## Extracted entries
(* Let $K$ be a field and $f\colon R\to S$ a morphism of Zinbiel algebras. If $H^2_{\mathrm{Zinb}}(f,f)=0$, then $f$ is rigid.
   Context: A Zinbiel algebra over $K$ is a $K$-vector space $R$ with bilinear product $x\cdot y$ (also written $m_R(x,y)$) satisfying $(x\cdot y)\cdot z=x\cdot(y\cdot z)+x\cdot(z\cdot y)$. A morphism $f\colon R\to S$ is a linear map with $f(x\cdot y)=f(x)\cdot f(y)$. $R$ is a bimodule over itself, $S$ over itself, and $S$ is an $R$-bimodule via $r\cdot s=f(r)\cdot s$, $s\cdot r=s\cdot f(r)$. For a bimodule $A$ over $R$ and $1\le n\le4$, $C^n_{\mathrm{Zinb}}(R,A)=\mathrm{Hom}_K(R^{\otimes n},A)$ with $(d^1\varphi)(x,y)=x\cdot\varphi(y)-\varphi(x\cdot y)+\varphi(x)\cdot y$, $(d^2\varphi)(x,y,z)=x\cdot(\varphi(y,z)+\varphi(z,y))-\varphi(x\cdot y,z)+\varphi(x,y\cdot z+z\cdot y)-\varphi(x,y)\cdot z$, $(d^3\varphi)(x,y,z,w)=x\cdot\{\varphi(y,z,w)-\varphi(z,w,y)+\varphi(z,y,w)-\varphi(w,z,y)\}-\varphi(x\cdot y,z,w)+\varphi(x,y\cdot z+z\cdot y,w)-\varphi(x,y,z\cdot w+w\cdot z)+\varphi(x,y,z)\cdot w$. The deformation complex: $C^0_{\mathrm{Zinb}}(R,S)=0$, $d^0=0$, $C^n_{\mathrm{Zinb}}(f,f)=C^n_{\mathrm{Zinb}}(R,R)\times C^n_{\mathrm{Zinb}}(S,S)\times C^{n-1}_{\mathrm{Zinb}}(R,S)$ ($1\le n\le4$), $d^i_f(\xi;\pi;\varphi)=(d^i\xi;d^i\pi;f\xi-\pi f-d^{i-1}\varphi)$ with $(f\xi)(x_1,\dots)=f(\xi(x_1,\dots))$, $(\pi f)(x_1,\dots)=\pi(f(x_1),\dots)$. $H^2_{\mathrm{Zinb}}(f,f)=\ker d^2_f/\operatorname{im} d^1_f$. A deformation of $f$ is a formal power series $\Theta_t=\sum_{i\ge0}\theta_it^i$ with $\theta_0=(m_R;m_S;f)$ and $\theta_i=(m_{R,i};m_{S,i};f_i)\in C^2_{\mathrm{Zinb}}(f,f)$, such that for $*=R,S$ the bilinear map $M_{*,t}=\sum_i m_{*,i}t^i$ satisfies $M_{*,t}(M_{*,t}(x,y),z)=M_{*,t}(x,M_{*,t}(y,z))+M_{*,t}(x,M_{*,t}(z,y))$, and $F_t=\sum_if_it^i$ satisfies $F_t(M_{R,t}(x,y))=M_{S,t}(F_t(x),F_t(y))$. A formal isomorphism of $f$ is $\Phi_t=(\Phi_{R,t};\Phi_{S,t})=\sum_{i\ge0}(\phi_{R,i};\phi_{S,i})t^i$ with $(\phi_{R,0};\phi_{S,0})=(\mathrm{Id}_R;\mathrm{Id}_S)$ and $\phi_{R,i}\in\mathrm{Hom}_K(R,R)$, $\phi_{S,i}\in\mathrm{Hom}_K(S,S)$. Deformations $\Theta_t=(M_{R,t};M_{S,t};F_t)$ and $\overline{\Theta}_t=(\overline{M}_{R,t};\overline{M}_{S,t};\overline{F}_t)$ are equivalent if for some formal isomorphism $\Phi_t$: $\overline{M}_{R,t}=\Phi_{R,t}M_{R,t}\Phi_{R,t}^{-1}$ (meaning $(x,y)\mapsto\Phi_{R,t}(M_{R,t}(\Phi_{R,t}^{-1}x,\Phi_{R,t}^{-1}y))$), likewise for $S$, and $\overline{F}_t=\Phi_{S,t}F_t\Phi_{R,t}^{-1}$. The trivial deformation is $\Theta_t=\theta_0=(m_R;m_S;f)$. The morphism $f$ is rigid if every deformation of $f$ is equivalent to the trivial deformation. *)

theory Defs
  imports Complex_Main
begin

text \<open>K-vector spaces are types with a scalar multiplication by a field 'k
  (locale vector_space); K-linear maps are Vector_Spaces.linear.
  Hom_K(R (x) R, A) is represented by K-bilinear maps R => R => A.\<close>

definition bilin ::
  "('k::field \<Rightarrow> 'a::ab_group_add \<Rightarrow> 'a) \<Rightarrow> ('k \<Rightarrow> 'b::ab_group_add \<Rightarrow> 'b) \<Rightarrow>
   ('k \<Rightarrow> 'c::ab_group_add \<Rightarrow> 'c) \<Rightarrow> ('a \<Rightarrow> 'b \<Rightarrow> 'c) \<Rightarrow> bool" where
  "bilin s1 s2 s3 g \<longleftrightarrow>
     (\<forall>x. Vector_Spaces.linear s2 s3 (g x)) \<and> (\<forall>y. Vector_Spaces.linear s1 s3 (\<lambda>x. g x y))"

definition zinbiel :: "('k::field \<Rightarrow> 'r::ab_group_add \<Rightarrow> 'r) \<Rightarrow> ('r \<Rightarrow> 'r \<Rightarrow> 'r) \<Rightarrow> bool" where
  "zinbiel s m \<longleftrightarrow> vector_space s \<and> bilin s s s m \<and>
     (\<forall>x y z. m (m x y) z = m x (m y z) + m x (m z y))"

## Brief
Retype, exactly and in full, the lines above from the one containing "(\<forall>x. Vector_Spaces.linear s2" through the one containing "s s m \<and>".

## Written response
     (\<forall>x. Vector_Spaces.linear s2 s3 (g x)) \<and> (\<forall>y. Vector_Spaces.linear s1 s3 (\<lambda>x. g x y))"

definition zinbiel :: "('k::field \<Rightarrow> 'r::ab_group_add \<Rightarrow> 'r) \<Rightarrow> ('r \<Rightarrow> 'r \<Rightarrow> 'r) \<Rightarrow> bool" where
  "zinbiel s m \<longleftrightarrow> vector_space s \<and> bilin s s s m \<and>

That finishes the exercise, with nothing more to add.